Option 1: download LST from the RSLab portal#

Land surface temperature data needs to be manually downloaded from the RSLab portal. To do this, you need to follow these steps:

  1. Go to the RSLab portal and draw a closed polygon around your area of interest by zooming in and clicking on the map. If you are focusing on urban areas, it is important to try to select only the urban areas in the rectangular polygon. You may encounter “Very big request” errors when selecting areas larger than the allowed limit or for complex selections (too many polygon vertices - try a simple bounding box instead).

  2. Select the time period, e.g. June to August in a specific year, where particularly high temperatures were observed. From Landsat8, data is available for 2013-2024, it is recommended to choose a year in this period (optional: consult the local meteorological authorities for more information on past heat waves).

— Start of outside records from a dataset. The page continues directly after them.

(* Let $m\ge1$ hypotheses be tested, of which $m_0\ge1$ are true nulls, with mutually independent p-values $p_1,\dots,p_m\in[0,1)$, the null p-values being i.i.d. $U[0,1]$. Define the estimator $$\tilde m_0\equiv 2-\sum_{i=1}^m\log(1-p_i).$$ Then the modified step-up BH procedure with estimator $\tilde m_0$ and parameter $q\in(0,1]$ controls the FDR at level $\le q$, i.e. $E[V/R^+]\le q$.
   Context: The modified step-up BH procedure with estimator $\tilde m_0$ and level $q$: set $\gamma_i=iq/\tilde m_0$, sort the p-values $p_{(1)}\le\dots\le p_{(m)}$, let $R=\max\{i:p_{(i)}\le\gamma_i\}$ and reject the hypotheses with p-values $p_{(1)},\dots,p_{(R)}$ ($R=0$ if no such $i$). $V$ is the number of rejected true null hypotheses, $R^+=\max(R,1)$, and $FDR=E[V/R^+]$ (with $V/R^+=0$ when $R=0$). *)

theory Defs
  imports "HOL-Probability.Probability"
begin

text \<open>Hypotheses are indexed by 1..m; a realisation of the p-values is a function
  p :: nat => real (only the values on 1..m matter).\<close>

definition pord :: "(nat \<Rightarrow> real) \<Rightarrow> nat \<Rightarrow> nat \<Rightarrow> real" where
  "pord p m k = sort (map p [1..<m+1]) ! (k - 1)"

definition m0_tilde :: "(nat \<Rightarrow> real) \<Rightarrow> nat \<Rightarrow> real" where
  "m0_tilde p m = 2 - (\<Sum>i=1..m. ln (1 - p i))"

definition bh_R :: "(nat \<Rightarrow> real) \<Rightarrow> nat \<Rightarrow> real \<Rightarrow> nat" where
  "bh_R p m q = Max ({0} \<union> {i \<in> {1..m}. pord p m i \<le> real i * q / m0_tilde p m})"

definition bh_rejected :: "(nat \<Rightarrow> real) \<Rightarrow> nat \<Rightarrow> real \<Rightarrow> nat set" where
  "bh_rejected p m q = {i \<in> {1..m}. 0 < bh_R p m q \<and> p i \<le> pord p m (bh_R p m q)}"

text \<open>False discovery proportion V / R^+, with N the set of true nulls.\<close>
definition fdp :: "(nat \<Rightarrow> real) \<Rightarrow> nat \<Rightarrow> nat set \<Rightarrow> real \<Rightarrow> real" where
  "fdp p m N q = real (card (bh_rejected p m q \<inter> N)) / real (max (bh_R p m q) 1)"

end

theory Submission
  imports Defs "HOL-Real_Asymp.Real_Asymp"
begin

text \<open>
  Let \<open>m0_i = 2 - (\<Sum>l\<noteq>i. ln (1 - p l))\<close> be the estimator without \<open>p i\<close>, so \<open>m0_i \<le> m0_tilde\<close>.
  A rejected true null \<open>i\<close> has \<open>p i \<le> R q / m0_i\<close>, hence \<open>V / R^+\<close> is at most the sum over the true
  nulls \<open>i\<close> of \<open>[p i \<le> R q / m0_i] / R^+\<close>. Raising one p-value can only lower \<open>R\<close>; so, for fixed
  other p-values, the values of \<open>p i\<close> where the \<open>i\<close>-th term is nonzero lie in \<open>[0, R0 q / m0_i]\<close>,
  where \<open>R0\<close> is the least value of \<open>R\<close> among them, and integrating out the uniform \<open>p i\<close> gives at
  most \<open>q / m0_i\<close>. For the other true nulls \<open>l\<close> the scores \<open>-ln (1 - p l)\<close> are i.i.d. Exp(1), so
  \<open>m0_i \<ge> 2 + G\<close> with \<open>G\<close> Gamma(\<open>|N| - 1\<close>)-distributed, and
  \<open>E[1 / (2 + G)] = \<integral>\<^sub>0\<^sup>\<infinity> exp (-2t) (1 + t) ^ -(|N| - 1) dt \<le> 1 / |N|\<close>.
  Summing over the \<open>|N|\<close> true nulls gives \<open>FDR \<le> q\<close>.
\<close>

section \<open>Order statistics and the step-up rank\<close>

definition count_le :: "(nat \<Rightarrow> real) \<Rightarrow> nat \<Rightarrow> real \<Rightarrow> nat" where
  "count_le x m t = card {l \<in> {1..m}. x l \<le> t}"

lemma sorted_nth_le_iff_less_length_filter:
  fixes ys :: "'a::linorder list"
  assumes "sorted ys" and "j < length ys"
  shows "ys ! j \<le> t \<longleftrightarrow> j < length (filter (\<lambda>v. v \<le> t) ys)"
proof
  assume "ys ! j \<le> t"
  then have "{..j} \<subseteq> {i. i < length ys \<and> ys ! i \<le> t}"
    using assms by (auto intro: order_trans[OF sorted_nth_mono])
  from card_mono[OF _ this] show "j < length (filter (\<lambda>v. v \<le> t) ys)"
    by (simp add: length_filter_conv_card)
next
  assume j: "j < length (filter (\<lambda>v. v \<le> t) ys)"
  show "ys ! j \<le> t"
  proof (rule ccontr)
    assume "\<not> ys ! j \<le> t"
    then have "{i. i < length ys \<and> ys ! i \<le> t} \<subseteq> {..<j}"
      using assms sorted_nth_mono[OF assms(1)] by (force simp: not_less[symmetric])
    from card_mono[OF _ this] show False
      using j by (simp add: length_filter_conv_card)
  qed
qed

lemma length_filter_map_upt:
  "length (filter P (map x [1..<m+1])) = card {l \<in> {1..m}. P (x l)}"
proof -
  have "length (filter P (map x [1..<m+1])) = length (filter (P \<circ> x) [1..<m+1])"
    by (simp only: filter_map length_map)
  also have "\<dots> = card (set (filter (P \<circ> x) [1..<m+1]))"
    by (simp only: distinct_card distinct_filter distinct_upt)
  also have "set (filter (P \<circ> x) [1..<m+1]) = {l \<in> {1..m}. P (x l)}"
    by auto
  finally show ?thesis .
qed

lemma pord_le_iff_count_le:
  assumes "1 \<le> k" and "k \<le> m"
  shows "pord x m k \<le> t \<longleftrightarrow> k \<le> count_le x m t"
proof -
  have "pord x m k \<le> t \<longleftrightarrow> k - 1 < length (filter (\<lambda>v. v \<le> t) (sort (map x [1..<m+1])))"
    unfolding pord_def using assms by (intro sorted_nth_le_iff_less_length_filter) auto
  also have "length (filter (\<lambda>v. v \<le> t) (sort (map x [1..<m+1]))) = count_le x m t"
    by (simp only: filter_sort length_sort length_filter_map_upt count_le_def)
  finally show ?thesis
    using assms by linarith
qed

  3. Select your preferred Landsat source and emissivity. For the dates in the period 2013-2024, please choose Landsat8 as the source. For urban areas, it is recommended to use MODIS and NDVI-based emissivity (ASTER emissivity is preferred for natural landscapes). Refer to the documentation for more details.

  4. Click the “Calculate LST” button.

  5. The results will be presented below the map. For each LST result you will find a “show” and “download” buttons. “Show” button allows to display the LST as a layer on the map and calculates the mean/min/max LST value for the selected image.

  6. To dowload the images, please press “Download - All images”, this will start the download of the “AllImages_LST.zip” file that contains .tiff images.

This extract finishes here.